INSTRUCTIONS TO FOLLOW
The line containing "finally show ?thesis ." opens the span to copy, and the last line of the records below closes it. Write out that span exactly.

(Stored data entries)

(* Let $(\mathcal{V},g)$ be a finite-dimensional real scalar product space, let $J_1,\dots,J_m$ be skew-adjoint endomorphisms of $\mathcal{V}$ satisfying $J_iJ_j+J_jJ_i=2c_i\delta_{ij}\,\mathrm{id}$ for all $1\le i,j\le m$, where $c_1,\dots,c_m\in\mathbb{R}$ and at most one of the $c_i$ equals $0$, and let $\mu_0,\dots,\mu_m\in\mathbb{R}$. Then $R=\mu_0R^0+\sum_{i=1}^m\mu_iR^{J_i}$ is Jacobi-dual.
   Context: A scalar product space is a finite-dimensional real vector space with a nondegenerate symmetric bilinear form $g$; $\varepsilon_X=g(X,X)$, and $X$ is nonnull if $\varepsilon_X\neq 0$. $R^0(X,Y,Z,W)=g(Y,Z)g(X,W)-g(X,Z)g(Y,W)$; for skew-adjoint $J$, $R^J(X,Y,Z,W)=g(JX,Z)g(JY,W)-g(JY,Z)g(JX,W)+2g(JX,Y)g(JZ,W)$. The Jacobi operator of an algebraic curvature tensor $R$ is $\mathcal{J}_X(Y)=\sum_{i=1}^n\varepsilon_{E_i}R(Y,X,X,E_i)E_i$ for an orthonormal basis $(E_i)$. An eigenvector of $\mathcal{J}_X$ is a nonzero $Y$ with $\mathcal{J}_X(Y)=\lambda Y$ for some $\lambda\in\mathbb{R}$. $R$ is Jacobi-dual if for all $X,Y\in\mathcal{V}$ with $X$ nonnull: whenever $Y$ is an eigenvector of $\mathcal{J}_X$, then $X$ is an eigenvector of $\mathcal{J}_Y$. *)

theory Defs
  imports "HOL-Analysis.Analysis"
begin

text \<open>A scalar product space: a finite-dimensional real vector space (a type of
class euclidean_space; its own inner product is ignored) together with a
nondegenerate symmetric bilinear form g.\<close>

definition scalar_product :: "('a::euclidean_space \<Rightarrow> 'a \<Rightarrow> real) \<Rightarrow> bool" where
  "scalar_product g \<longleftrightarrow> bilinear g \<and> (\<forall>x y. g x y = g y x)
     \<and> (\<forall>x. (\<forall>y. g x y = 0) \<longrightarrow> x = 0)"

definition orthonormal_basis :: "('a::euclidean_space \<Rightarrow> 'a \<Rightarrow> real) \<Rightarrow> 'a set \<Rightarrow> bool" where
  "orthonormal_basis g B \<longleftrightarrow> independent B \<and> span B = UNIV
     \<and> (\<forall>e\<in>B. g e e = 1 \<or> g e e = -1)
     \<and> (\<forall>e\<in>B. \<forall>f\<in>B. e \<noteq> f \<longrightarrow> g e f = 0)"

definition skew_adjoint :: "('a::euclidean_space \<Rightarrow> 'a \<Rightarrow> real) \<Rightarrow> ('a \<Rightarrow> 'a) \<Rightarrow> bool" where
  "skew_adjoint g J \<longleftrightarrow> linear J \<and> (\<forall>x y. g (J x) y = - g x (J y))"

definition R0 :: "('a \<Rightarrow> 'a \<Rightarrow> real) \<Rightarrow> 'a \<Rightarrow> 'a \<Rightarrow> 'a \<Rightarrow> 'a \<Rightarrow> real" where
  "R0 g X Y Z W = g Y Z * g X W - g X Z * g Y W"

definition RJ :: "('a \<Rightarrow> 'a \<Rightarrow> real) \<Rightarrow> ('a \<Rightarrow> 'a) \<Rightarrow> 'a \<Rightarrow> 'a \<Rightarrow> 'a \<Rightarrow> 'a \<Rightarrow> real" where
  "RJ g J X Y Z W = g (J X) Z * g (J Y) W - g (J Y) Z * g (J X) W + 2 * g (J X) Y * g (J Z) W"

definition jacobi_op :: "('a::euclidean_space \<Rightarrow> 'a \<Rightarrow> real) \<Rightarrow> ('a \<Rightarrow> 'a \<Rightarrow> 'a \<Rightarrow> 'a \<Rightarrow> real)
    \<Rightarrow> 'a \<Rightarrow> 'a \<Rightarrow> 'a" where
  "jacobi_op g R X Y = (let B = (SOME B. orthonormal_basis g B) in
     (\<Sum>e\<in>B. (g e e * R Y X X e) *\<^sub>R e))"

definition eigenvector :: "('a::real_vector \<Rightarrow> 'a) \<Rightarrow> 'a \<Rightarrow> bool" where
  "eigenvector T Y \<longleftrightarrow> Y \<noteq> 0 \<and> (\<exists>l::real. T Y = l *\<^sub>R Y)"

definition jacobi_dual :: "('a::euclidean_space \<Rightarrow> 'a \<Rightarrow> real) \<Rightarrow> ('a \<Rightarrow> 'a \<Rightarrow> 'a \<Rightarrow> 'a \<Rightarrow> real) \<Rightarrow> bool" where
  "jacobi_dual g R \<longleftrightarrow> (\<forall>X Y. g X X \<noteq> 0 \<longrightarrow> eigenvector (jacobi_op g R X) Y
       \<longrightarrow> eigenvector (jacobi_op g R Y) X)"

end

theory Submission
  imports Defs
begin

(*
  For g-nonnull X, skew-adjointness gives both Jacobi operators in closed form:
  with a = mu_0 and b_i = mu_i g(J_i Y, X),
    Jac_X Y = a (g(X,X) Y - g(X,Y) X) + 3 sum_i b_i J_i X,
    Jac_Y X = a (g(Y,Y) X - g(X,Y) Y) - 3 sum_i b_i J_i Y.
  If Jac_X Y = lambda Y, then d Y = alpha X - 3 sum_i b_i J_i X with d = a g(X,X) - lambda
  and alpha = a g(X,Y). For d ~= 0, applying sum_i b_i J_i and the Clifford relation
  (sum_i b_i J_i)^2 = sum_i b_i^2 c_i shows that alpha Y + 3 sum_i b_i J_i Y is a multiple
  of X. For d = 0 the vector sum_i b_i J_i X is a multiple of X and g-orthogonal to X,
  hence zero; pairing it with J_k X gives b_k c_k = 0, so, as at most one c_k vanishes,
  every term b_k J_k X vanishes, which forces b_k = 0. Either way Jac_Y X is a multiple of X.
*)

locale scalar_product_space =
  fixes g :: "'a::euclidean_space \<Rightarrow> 'a \<Rightarrow> real"
  assumes scalar_product: "scalar_product g"
begin

lemma bilinear: "bilinear g"
  using scalar_product unfolding scalar_product_def by blast

lemma sym: "g x y = g y x"
  using scalar_product unfolding scalar_product_def by blast

lemma nondegenerate: "(\<And>y. g x y = 0) \<Longrightarrow> x = 0"
  using scalar_product unfolding scalar_product_def by blast

lemma g_sum_left: "g (sum f S) y = (\<Sum>i\<in>S. g (f i) y)"
  using bilinear linear_sum[of "\<lambda>x. g x y"] unfolding bilinear_def by simp

lemma g_sum_right: "g y (sum f S) = (\<Sum>i\<in>S. g y (f i))"
  using bilinear linear_sum[of "g y"] unfolding bilinear_def by simp

lemmas g_linear_simps [simp] =
  bilinear_ladd[OF bilinear] bilinear_radd[OF bilinear]
  bilinear_lsub[OF bilinear] bilinear_rsub[OF bilinear]
  bilinear_lneg[OF bilinear] bilinear_rneg[OF bilinear]
  bilinear_lmul[OF bilinear] bilinear_rmul[OF bilinear]
  bilinear_lzero[OF bilinear] bilinear_rzero[OF bilinear]
  g_sum_left g_sum_right

lemma nonnull_vector_exists:
  assumes S: "subspace S" "S \<noteq> {0}"
    and nondeg: "\<And>x. x \<in> S \<Longrightarrow> \<forall>y\<in>S. g x y = 0 \<Longrightarrow> x = 0"
  shows "\<exists>e\<in>S. g e e \<noteq> 0"
proof (rule ccontr)
  assume "\<not> ?thesis"
  then have null: "\<And>e. e \<in> S \<Longrightarrow> g e e = 0" by blast
  obtain x where x: "x \<in> S" "x \<noteq> 0" using S subspace_0 by blast
  then obtain y where y: "y \<in> S" "g x y \<noteq> 0" using nondeg by blast
  have "g (x + y) (x + y) = g x x + 2 * g x y + g y y"
    using sym[of y x] by simp
  then show False
    using null[of x] null[of y] null[of "x + y"] x y subspace_add[OF S(1)] by simp
qed

lemma unit_multiple_exists:
  assumes "g x x \<noteq> 0"
  shows "\<exists>r. g (r *\<^sub>R x) (r *\<^sub>R x) = 1 \<or> g (r *\<^sub>R x) (r *\<^sub>R x) = -1"
proof (intro exI)
  let ?r = "1 / sqrt \<bar>g x x\<bar>"
  have "g (?r *\<^sub>R x) (?r *\<^sub>R x) = g x x / \<bar>g x x\<bar>"
    by (simp add: real_sqrt_mult[symmetric])
  then show "g (?r *\<^sub>R x) (?r *\<^sub>R x) = 1 \<or> g (?r *\<^sub>R x) (?r *\<^sub>R x) = -1"
    using assms by (cases "g x x > 0") auto
qed

lemma unit_orthogonal_complement:
  assumes S: "subspace S" and nondeg: "\<And>x. x \<in> S \<Longrightarrow> \<forall>y\<in>S. g x y = 0 \<Longrightarrow> x = 0"
    and eS: "e \<in> S" and unit: "g e e = 1 \<or> g e e = -1"
  defines "S' \<equiv> {x \<in> S. g e x = 0}"
  shows "subspace S'" and "dim S' < dim S"
    and decomp: "\<And>z. z \<in> S \<Longrightarrow> z - (g e z * g e e) *\<^sub>R e \<in> S'"
    and "\<And>x. x \<in> S' \<Longrightarrow> \<forall>y\<in>S'. g x y = 0 \<Longrightarrow> x = 0"
proof -
  show S': "subspace S'"
    unfolding subspace_def S'_def using S by (auto simp: subspace_0 subspace_add subspace_scale)
  have "S' \<subset> S" using eS unit unfolding S'_def by force
  then show "dim S' < dim S"
    using dim_psubset span_eq_iff S S' by metis
  show decomp: "z - (g e z * g e e) *\<^sub>R e \<in> S'" if "z \<in> S" for z
    unfolding S'_def using that eS S unit by (auto simp: subspace_diff subspace_scale)
  fix x assume x: "x \<in> S'" and orth: "\<forall>y\<in>S'. g x y = 0"
  have "g x z = 0" if "z \<in> S" for z
  proof -
    have "g x z = g x (z - (g e z * g e e) *\<^sub>R e)"
      using x sym[of x e] unfolding S'_def by simp
    also have "\<dots> = 0" using orth decomp[OF that] by blast
    finally show ?thesis .
  qed
  then show "x = 0" using nondeg x unfolding S'_def by blast
qed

EXERCISE OUTPUT
    finally show ?thesis .
  qed
  then show "x = 0" using nondeg x unfolding S'_def by blast
qed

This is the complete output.